Vier Kolben, große Bremsscheiben und massive Bauweise - das sind Merkmale, die die stärksten Mountainbike-Bremsen der Welt auszeichnen. Doch welche Bremse ist die beste Wahl für Trail, Tour und alpines Gelände? Dieser Artikel vergleicht die Magura MT7 Pro mit der Shimano XT M8120, um Ihnen bei der Entscheidung zu helfen.
Das Testfeld
Um herauszufinden, welche Mountainbike-Bremse aktuell die stärkste ist, wurden acht der zupackendsten Vierkolben-Bremsen auf dem Markt getestet. Neben der Magura MT7 Pro und der Shimano XT M8120 umfasste das Testfeld auch Modelle von Sram, TRP und anderen Herstellern. Ziel war es, die Bremsen unter realen Bedingungen auf dem Trail zu vergleichen und ihre Leistung in Bezug auf Bremskraft, Dosierbarkeit, Ergonomie und Standfestigkeit zu bewerten.
Testmethoden
Im Fokus des Tests stand die Performance auf dem Trail. Dazu wurden die Bremsen über einen Zeitraum von einem Jahr an verschiedenen Bikes eingesetzt und auf unterschiedlichen Strecken gefahren. Mindestens drei Bremsen waren immer gleichzeitig im Einsatz, um einen direkten Vergleich zu ermöglichen. Die Bewertung umfasste Bremskraft, Dosierbarkeit, Ergonomie und Standfestigkeit sowie das Gewicht und die Montage. Auch mit Bremsbelägen wurde experimentiert, um die optimale Konfiguration zu ermitteln.

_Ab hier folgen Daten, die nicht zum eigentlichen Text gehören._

text \<open>Pick x0 \<in> P with (x0^2) > 0 and an integral basis E, F of P with E isotropic and
  c = (E, F) \<noteq> 0. Split v = p + q with p \<in> P and q \<perp> P. Since v and q are orthogonal to
  a positive vector of P, so is p, and signature (1, n-1) gives (p^2), (q^2) \<le> 0; hence both
  exceed -N. The form is negative definite on the orthogonal complement of x0, which bounds q.
  For p, the numbers \<alpha> = (v, E) and y = 2c(v, F) - (F^2)\<alpha> are integers with c^2 (p^2) = \<alpha>y,
  so -N c^2 \<le> \<alpha>y < 0 unless p = 0; this bounds \<alpha>, y and therefore p. Thus v ranges over
  integral vectors of bounded norm.\<close>

lemma bform_sym: "transpose Q = Q \<Longrightarrow> bform Q x y = bform Q y x"
  unfolding bform_def by (metis dot_lmul_matrix inner_commute transpose_matrix_vector)

lemma bform_add_left: "bform Q (x + y) z = bform Q x z + bform Q y z"
  by (simp add: bform_def inner_add_left)

lemma bform_add_right: "bform Q z (x + y) = bform Q z x + bform Q z y"
  by (simp add: bform_def matrix_vector_right_distrib inner_add_right)

lemma bform_diff_left: "bform Q (x - y) z = bform Q x z - bform Q y z"
  by (simp add: bform_def inner_diff_left)

lemma bform_diff_right: "bform Q z (x - y) = bform Q z x - bform Q z y"
  by (simp add: bform_def matrix_vector_mult_diff_distrib inner_diff_right)

lemma bform_scaleR_left: "bform Q (a *\<^sub>R x) z = a * bform Q x z"
  by (simp add: bform_def)

lemma bform_scaleR_right: "bform Q z (a *\<^sub>R x) = a * bform Q z x"
  by (simp add: bform_def matrix_vector_mult_scaleR)

lemma bform_0_left [simp]: "bform Q 0 z = 0"
  by (simp add: bform_def)

lemma bform_0_right [simp]: "bform Q z 0 = 0"
  by (simp add: bform_def)

lemmas bform_linear_simps = bform_add_left bform_add_right bform_diff_left bform_diff_right
  bform_scaleR_left bform_scaleR_right

lemma linear_bform: "linear (bform Q x)"
  unfolding bform_def
  by (intro linear_compose[of "(*v) Q" "inner x", unfolded o_def] matrix_vector_mul_linear
      bounded_linear.linear[OF bounded_linear_inner_right])

lemma bform_eq_0_on_span:
  assumes "\<And>e. e \<in> S \<Longrightarrow> bform Q x e = 0" and "z \<in> span S"
  shows "bform Q x z = 0"
  by (rule linear_eq_0_on_span[OF linear_bform]) (use assms in auto)

lemma continuous_on_bform_diag: "continuous_on A (\<lambda>x. bform Q x x)"
  unfolding bform_def by (intro continuous_intros)

lemma bform_integral:
  "lattice_gram Q \<Longrightarrow> integral_vec x \<Longrightarrow> integral_vec y \<Longrightarrow> bform Q x y \<in> \<int>"
  unfolding bform_def lattice_gram_def integral_vec_def inner_vec_def matrix_vector_mult_def
  by (auto intro!: Ints_sum Ints_mult)

lemma finite_integral_vec_norm_le: "finite {v::real^'n. integral_vec v \<and> norm v \<le> R}"
proof -
  define T where "T = real_of_int ` {-\<lceil>R\<rceil>..\<lceil>R\<rceil>}"
  have "{v::real^'n. integral_vec v \<and> norm v \<le> R} \<subseteq> vec_lambda ` (PiE UNIV (\<lambda>_. T))"
  proof
    fix v :: "real^'n" assume v: "v \<in> {v. integral_vec v \<and> norm v \<le> R}"
    have "v $ i \<in> T" for i
    proof -
      have "v $ i \<in> \<int>" using v unfolding integral_vec_def by blast
      then obtain k where k: "v $ i = of_int k" by (elim Ints_cases)
      have "\<bar>v $ i\<bar> \<le> R" using v component_le_norm_cart[of v i] by auto
      then have "real_of_int \<bar>k\<bar> \<le> R" using k by simp
      then have "\<bar>k\<bar> \<le> \<lceil>R\<rceil>" by (metis ceiling_mono ceiling_of_int)
      then show ?thesis unfolding T_def using k by (auto simp: abs_le_iff)
    qed
    then have "vec_nth v \<in> PiE UNIV (\<lambda>_. T)" by (simp add: PiE_iff)
    then show "v \<in> vec_lambda ` (PiE UNIV (\<lambda>_. T))" by (rule image_eqI[rotated]) simp
  qed
  moreover have "finite (PiE (UNIV::'n set) (\<lambda>_. T))" unfolding T_def by (simp add: finite_PiE)
  ultimately show ?thesis using finite_subset by blast
qed

lemma rational_vec_scaleR_integral:
  fixes a :: "real^'n"
  assumes "rational_vec a"
  obtains D where "D > 0" and "integral_vec (D *\<^sub>R a)"
proof -
  have "\<exists>d::int. d > 0 \<and> of_int d * a $ i \<in> \<int>" for i
  proof -
    obtain p q :: int where "q > 0" and "a $ i = of_int p / of_int q"
      using assms unfolding rational_vec_def by (meson Rats_cases')
    then show ?thesis by (intro exI[of _ q]) auto
  qed
  then obtain d :: "'n \<Rightarrow> int" where d: "\<And>i. d i > 0 \<and> of_int (d i) * a $ i \<in> \<int>" by metis
  define D where "D = real_of_int (\<Prod>i\<in>UNIV. d i)"
  have "(D *\<^sub>R a) $ i \<in> \<int>" for i
  proof -
    have "(\<Prod>j\<in>UNIV. d j) = d i * (\<Prod>j\<in>UNIV-{i}. d j)"
      by (simp add: prod.remove)
    then have "D * a $ i = real_of_int (\<Prod>j\<in>UNIV-{i}. d j) * (of_int (d i) * a $ i)"
      unfolding D_def by simp
    then have "D * a $ i \<in> \<int>" using d[of i] by (metis Ints_mult Ints_of_int)
    then show ?thesis by simp
  qed
  moreover have "D > 0" unfolding D_def using d by (simp add: prod_pos)
  ultimately show ?thesis using that unfolding integral_vec_def by blast
qed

Testergebnisse im Überblick
Die Zeiten, in denen man sich Sorgen um die Bremsen machen musste, sind im Highend-Segment vorbei. Alle getesteten Bremsen können bedenkenlos auch schwersten Fahrern und für anspruchsvollste Trails empfohlen werden. Die Unterschiede liegen nicht in der Power, sondern in den Details und der Modulation. Die Bremse ist eines der wichtigsten Bauteile am Fahrrad und sollte immer funktionieren. Doch darüber hinaus gibt es noch viele andere Werte, die für den ein oder anderen wichtig sind. Wie viel Bremspower hat die Bremse, wie lässt sie sich dosieren, wie ist der Druckpunkt, passt sie optisch zu meinem Bike oder auch wie anfällig ist sie gegen Druckpunkt wandern.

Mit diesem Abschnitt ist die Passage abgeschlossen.